lemma ellK_bounds:
  fixes k :: real
  assumes "k^2 \<le> 1/2"
  shows "pi/2 \<le> ellK k" "\<bar>ellK k - pi/2\<bar> \<le> k^2 * (pi/2)"
    "\<bar>ellK k - pi/2 - pi * k^2 / 8\<bar> \<le> 5 * k^4"
proof -
  have e: "ellK k = ellF (pi/2) k - ellF 0 k" by (simp add: ellK_def)
  show "\<bar>ellK k - pi/2\<bar> \<le> k^2 * (pi/2)" using ellF_increment_bounds(2)[OF assms, of 0 "pi/2"] e by simp
  show "pi/2 \<le> ellK k" using ellF_increment_bounds(1)[OF assms, of 0 "pi/2"] e by simp
  define q where "q = (\<lambda>t. 1 + k^2 / 2 * (sin t)^2)"
  have "((\<lambda>t. 1::real) has_integral pi/2) {0..pi/2}"
    using has_integral_const_real[of "1::real" 0 "pi/2"] by simp
  then have Iq: "(q has_integral pi/2 + k^2/2 * (pi/4)) {0..pi/2}"
    unfolding q_def using has_integral_sin_sq[of 0 "pi/2"]
    by (intro has_integral_add has_integral_mult_right) auto
  have "norm (integral {0..pi/2} (\<lambda>t. ell_integrand k t - q t)) \<le> 3 * k^4 * (pi/2 - 0)"
    using ell_integrand_bounds(4)[OF assms] unfolding q_def
    by (intro integral_bound continuous_intros continuous_on_ell_integrand assms) (auto simp: algebra_simps)
  also have "\<dots> = k^4 * (3 * pi / 2)" by simp
  also have "\<dots> \<le> k^4 * 5" using pi_approx(2) by (intro mult_left_mono) auto
  also have "integral {0..pi/2} (\<lambda>t. ell_integrand k t - q t) = ellK k - (pi/2 + k^2/2 * (pi/4))"
    using integral_diff[OF integrable_ell_integrand[OF assms] has_integral_integrable[OF Iq]]
      integral_unique[OF Iq] e ellF_diff_integral[OF assms, of 0 "pi/2"] by simp
  finally show "\<bar>ellK k - pi/2 - pi * k^2 / 8\<bar> \<le> 5 * k^4" by (simp add: algebra_simps)
qed

lemma ellK_lipschitz_modulus:
  assumes "k1^2 \<le> 1/2" "k2^2 \<le> 1/2"
  shows "\<bar>ellK k1 - ellK k2\<bar> \<le> pi * \<bar>k1^2 - k2^2\<bar>"
  using ellF_lipschitz_modulus[OF assms, of "pi/2"] by (simp add: ellK_def mult.commute)

text \<open>The factor \<open>period_scale k\<close> rescales the period \<open>4 K(k)\<close> of sn to \<open>2 pi\<close>, so that
  \<open>sin (phase k z)\<close> is sn written in the variable z of \<open>UU\<close>.\<close>
definition period_scale :: "real \<Rightarrow> real" where
  "period_scale k = 2 * ellK k / pi"

definition phase :: "real \<Rightarrow> real \<Rightarrow> real" where
  "phase k z = jam (period_scale k * z) k"

lemma period_scale_bounds:
  fixes k :: real
  assumes "k^2 \<le> 1/2"
  shows "1 \<le> period_scale k" "\<bar>period_scale k - 1\<bar> \<le> k^2" "period_scale k \<le> 2"
    "\<bar>period_scale k - 1 - k^2/4\<bar> \<le> 4 * k^4"
proof -
  note e = ellK_bounds[OF assms]
  show "1 \<le> period_scale k" using e(1) by (simp add: period_scale_def field_simps)
  have "period_scale k - 1 = (2/pi) * (ellK k - pi/2)" by (simp add: period_scale_def field_simps)
  then have "\<bar>period_scale k - 1\<bar> = (2/pi) * \<bar>ellK k - pi/2\<bar>" by (simp only: abs_mult) simp
  also have "\<dots> \<le> (2/pi) * (k^2 * (pi/2))" using e(2) by (intro mult_left_mono) auto
  finally show c2: "\<bar>period_scale k - 1\<bar> \<le> k^2" by simp
  then show "period_scale k \<le> 2" using assms by simp
  have "period_scale k - 1 - k^2/4 = (2/pi) * (ellK k - pi/2 - pi * k^2 / 8)"
    by (simp add: period_scale_def field_simps)
  then have "\<bar>period_scale k - 1 - k^2/4\<bar> = (2/pi) * \<bar>ellK k - pi/2 - pi * k^2 / 8\<bar>"
    by (simp only: abs_mult) simp
  also have "\<dots> \<le> (2/pi) * (5 * k^4)" using e(3) by (intro mult_left_mono) auto
  also have "\<dots> = k^4 * (10/pi)" by simp
  also have "\<dots> \<le> k^4 * 4" using pi_approx(1) by (intro mult_left_mono) (auto simp: divide_le_eq)
  finally show "\<bar>period_scale k - 1 - k^2/4\<bar> \<le> 4 * k^4" by simp
qed

lemma period_scale_lipschitz_modulus:
  assumes "k1^2 \<le> 1/2" "k2^2 \<le> 1/2"
  shows "\<bar>period_scale k1 - period_scale k2\<bar> \<le> 2 * \<bar>k1^2 - k2^2\<bar>"
proof -
  have "period_scale k1 - period_scale k2 = (2/pi) * (ellK k1 - ellK k2)"
    by (simp add: period_scale_def field_simps)
  then have "\<bar>period_scale k1 - period_scale k2\<bar> = (2/pi) * \<bar>ellK k1 - ellK k2\<bar>"
    by (simp only: abs_mult) simp
  also have "\<dots> \<le> (2/pi) * (pi * \<bar>k1^2 - k2^2\<bar>)"
    using ellK_lipschitz_modulus[OF assms] by (intro mult_left_mono) auto
  finally show ?thesis by simp
qed

lemma ellF_phase:
  assumes "k^2 \<le> 1/2"
  shows "ellF (phase k z) k = period_scale k * z"
  unfolding phase_def by (rule ellF_jam[OF assms])

lemma abs_phase_le:
  assumes "k^2 \<le> 1/2" "z \<in> {0..2*pi}"
  shows "\<bar>phase k z\<bar> \<le> 4 * pi"
proof -
  have "\<bar>phase k z\<bar> \<le> period_scale k * z"
    using ellF_abs_diff_ge[OF assms(1), of "phase k z" 0] ellF_phase[OF assms(1)] assms(2)
      period_scale_bounds(1)[OF assms(1)] by simp
  also have "\<dots> \<le> 2 * (2 * pi)" using assms period_scale_bounds(3)[OF assms(1)] by (intro mult_mono) auto
  finally show ?thesis by simp
qed
lemma count_sub_gunion:
  assumes fI: "finite I" and w: "\<And>k. k \<in> I \<Longrightarrow> wf_graph (G k)"
    and d: "disjoint_family_on (\<lambda>k. verts (G k)) I"
    and F: "has_dominating_vertex F"
  shows "count_sub F (gunion I G) = (\<Sum>k\<in>I. count_sub F (G k))"
proof -
  let ?C = "\<lambda>G. {S. subgraph S G \<and> iso S F}"
  have "?C (gunion I G) = (\<Union>k\<in>I. ?C (G k))"
  proof (intro equalityI subsetI)
    fix S assume "S \<in> ?C (gunion I G)"
    with subgraph_gunion_component[OF w d] has_dominating_vertex_iso[OF _ F]
    show "S \<in> (\<Union>k\<in>I. ?C (G k))" by blast
  next
    fix S assume "S \<in> (\<Union>k\<in>I. ?C (G k))"
    then obtain k where "k \<in> I" "subgraph S (G k)" "iso S F" by blast
    then show "S \<in> ?C (gunion I G)"
      using subgraph_trans_host[of S "G k" "gunion I G"] by auto
  qed
  moreover have "?C (G i) \<inter> ?C (G j) = {}" if "i \<in> I" "j \<in> I" "i \<noteq> j" for i j
  proof -
    have "verts (G i) \<inter> verts (G j) = {}"
      using d that unfolding disjoint_family_on_def by blast
    then have "verts S = {}" if "S \<in> ?C (G i) \<inter> ?C (G j)" for S
      using that subgraphD(2) by blast
    moreover have "verts S \<noteq> {}" if "iso S F" for S
      using has_dominating_vertex_iso[OF that F] unfolding has_dominating_vertex_def by blast
    ultimately show ?thesis by blast
  qed
  ultimately show ?thesis
    unfolding count_sub_def using w by (simp add: card_UN_disjoint[OF fI] finite_copies)
qed

lemma wf_graph_complete_graph: "wf_graph (complete_graph n)"
  unfolding complete_graph_def by (rule wf_graph_intro) auto

lemma wf_graph_turan_graph: "wf_graph (turan_graph r n)"
  unfolding turan_graph_def by (rule wf_graph_intro) auto

lemma verts_complete_graph [simp]: "verts (complete_graph n) = {0..<n}"
  by (simp add: complete_graph_def)

lemma verts_turan_graph [simp]: "verts (turan_graph r n) = {0..<n}"
  by (simp add: turan_graph_def)

lemma verts_split_graph [simp]: "verts (split_graph u d) = {0..<u + d + 1}"
  by (simp add: split_graph_def)

lemma complete_graph_edge_iff:
  "{x, y} \<in> edges (complete_graph n) \<longleftrightarrow> x < n \<and> y < n \<and> x \<noteq> y"
  unfolding complete_graph_def by (auto simp: doubleton_eq_iff)

lemma turan_graph_edge_mod_neq:
  "{x, y} \<in> edges (turan_graph r n) \<Longrightarrow> x mod r \<noteq> y mod r"
  unfolding turan_graph_def by (auto simp: doubleton_eq_iff)

lemma split_graph_edgeI:
  "x < u + d + 1 \<Longrightarrow> y < u + d + 1 \<Longrightarrow> x \<noteq> y \<Longrightarrow> x < u \<or> y < u \<Longrightarrow>
    {x, y} \<in> edges (split_graph u d)"
  unfolding split_graph_def by auto

lemma has_dominating_vertex_complete_graph:
  "m \<ge> 1 \<Longrightarrow> has_dominating_vertex (complete_graph m)"
  unfolding has_dominating_vertex_def by (intro bexI[of _ 0]) (auto simp: complete_graph_edge_iff)

lemma has_dominating_vertex_split_graph:
  "u \<ge> 1 \<Longrightarrow> has_dominating_vertex (split_graph u d)"
  unfolding has_dominating_vertex_def by (auto intro!: bexI[of _ 0] split_graph_edgeI)

lemma kcount_complete_graph_self: "kcount u (complete_graph u) = 1"
proof -
  let ?K = "complete_graph u"
  have "S = ?K" if s: "subgraph S ?K" and iso: "iso S ?K" for S
  proof (rule graph_eqI)
    obtain f where f: "bij_betw f (verts S) {0..<u}"
      and fe: "\<forall>x\<in>verts S. \<forall>y\<in>verts S. {x, y} \<in> edges S \<longleftrightarrow> {f x, f y} \<in> edges ?K"
      using iso unfolding iso_def by auto
    have "card (verts S) = card {0..<u}"
      using bij_betw_same_card[OF f] .
    then show vS: "verts S = verts ?K"
      using card_subset_eq[OF _ subgraphD(2)[OF s]] by simp
    have "e \<in> edges S" if "e \<in> edges ?K" for e
    proof -
      obtain i j where ij: "e = {i, j}" "i < u" "j < u" "i \<noteq> j"
        using \<open>e \<in> edges ?K\<close> unfolding complete_graph_def by auto
      have "f i \<noteq> f j" "f i < u" "f j < u"
        using ij vS inj_on_contraD[OF bij_betw_imp_inj_on[OF f]] bij_betwE[OF f] by auto
      then show ?thesis
        using fe ij vS by (simp add: complete_graph_edge_iff)
    qed
    with subgraphD(3)[OF s] show "edges S = edges ?K" by blast
  qed
  moreover have "subgraph ?K ?K"
    by (simp add: subgraph_def wf_graph_complete_graph)
  ultimately have "{S. subgraph S ?K \<and> iso S ?K} = {?K}"
    using iso_refl by blast
  then show ?thesis
    unfolding kcount_def count_sub_def by simp
qed

lemma turan_graph_clique_free:
  assumes "\<omega> \<ge> 1"
  shows "count_sub (complete_graph (\<omega> + 1)) (turan_graph \<omega> n) = 0"
proof (rule ccontr)
  assume "count_sub (complete_graph (\<omega> + 1)) (turan_graph \<omega> n) \<noteq> 0"
  then obtain g where g: "inj_on g {0..<\<omega> + 1}"
    "\<And>x y. x < \<omega> + 1 \<Longrightarrow> y < \<omega> + 1 \<Longrightarrow> {x, y} \<in> edges (complete_graph (\<omega> + 1)) \<Longrightarrow>
      {g x, g y} \<in> edges (turan_graph \<omega> n)"
    by (rule count_sub_pos_embedding) auto
  have "inj_on (\<lambda>i. g i mod \<omega>) {0..<\<omega> + 1}"
  proof (rule inj_onI, rule ccontr)
    fix i j assume "i \<in> {0..<\<omega> + 1}" "j \<in> {0..<\<omega> + 1}" "i \<noteq> j"
    then have "{g i, g j} \<in> edges (turan_graph \<omega> n)"
      using g(2) by (simp add: complete_graph_edge_iff)
    then show "g i mod \<omega> = g j mod \<omega> \<Longrightarrow> False"
      using turan_graph_edge_mod_neq by blast
  qed
  moreover have "(\<lambda>i. g i mod \<omega>) ` {0..<\<omega> + 1} \<subseteq> {0..<\<omega>}"
    using assms by auto
  ultimately have "card {0..<\<omega> + 1} \<le> card {0..<\<omega>}"
    by (rule card_inj_on_le) simp
  then show False by simp
qed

> _DIRECTIONS_:
Word for word, restate the entries from the first line to the line that has "1::real) has_integral pi/2)", both included, and nothing else.

> _YOUR SOLUTION_:
lemma ellK_bounds:
  fixes k :: real
  assumes "k^2 \<le> 1/2"
  shows "pi/2 \<le> ellK k" "\<bar>ellK k - pi/2\<bar> \<le> k^2 * (pi/2)"
    "\<bar>ellK k - pi/2 - pi * k^2 / 8\<bar> \<le> 5 * k^4"
proof -
  have e: "ellK k = ellF (pi/2) k - ellF 0 k" by (simp add: ellK_def)
  show "\<bar>ellK k - pi/2\<bar> \<le> k^2 * (pi/2)" using ellF_increment_bounds(2)[OF assms, of 0 "pi/2"] e by simp
  show "pi/2 \<le> ellK k" using ellF_increment_bounds(1)[OF assms, of 0 "pi/2"] e by simp
  define q where "q = (\<lambda>t. 1 + k^2 / 2 * (sin t)^2)"
  have "((\<lambda>t. 1::real) has_integral pi/2) {0..pi/2}"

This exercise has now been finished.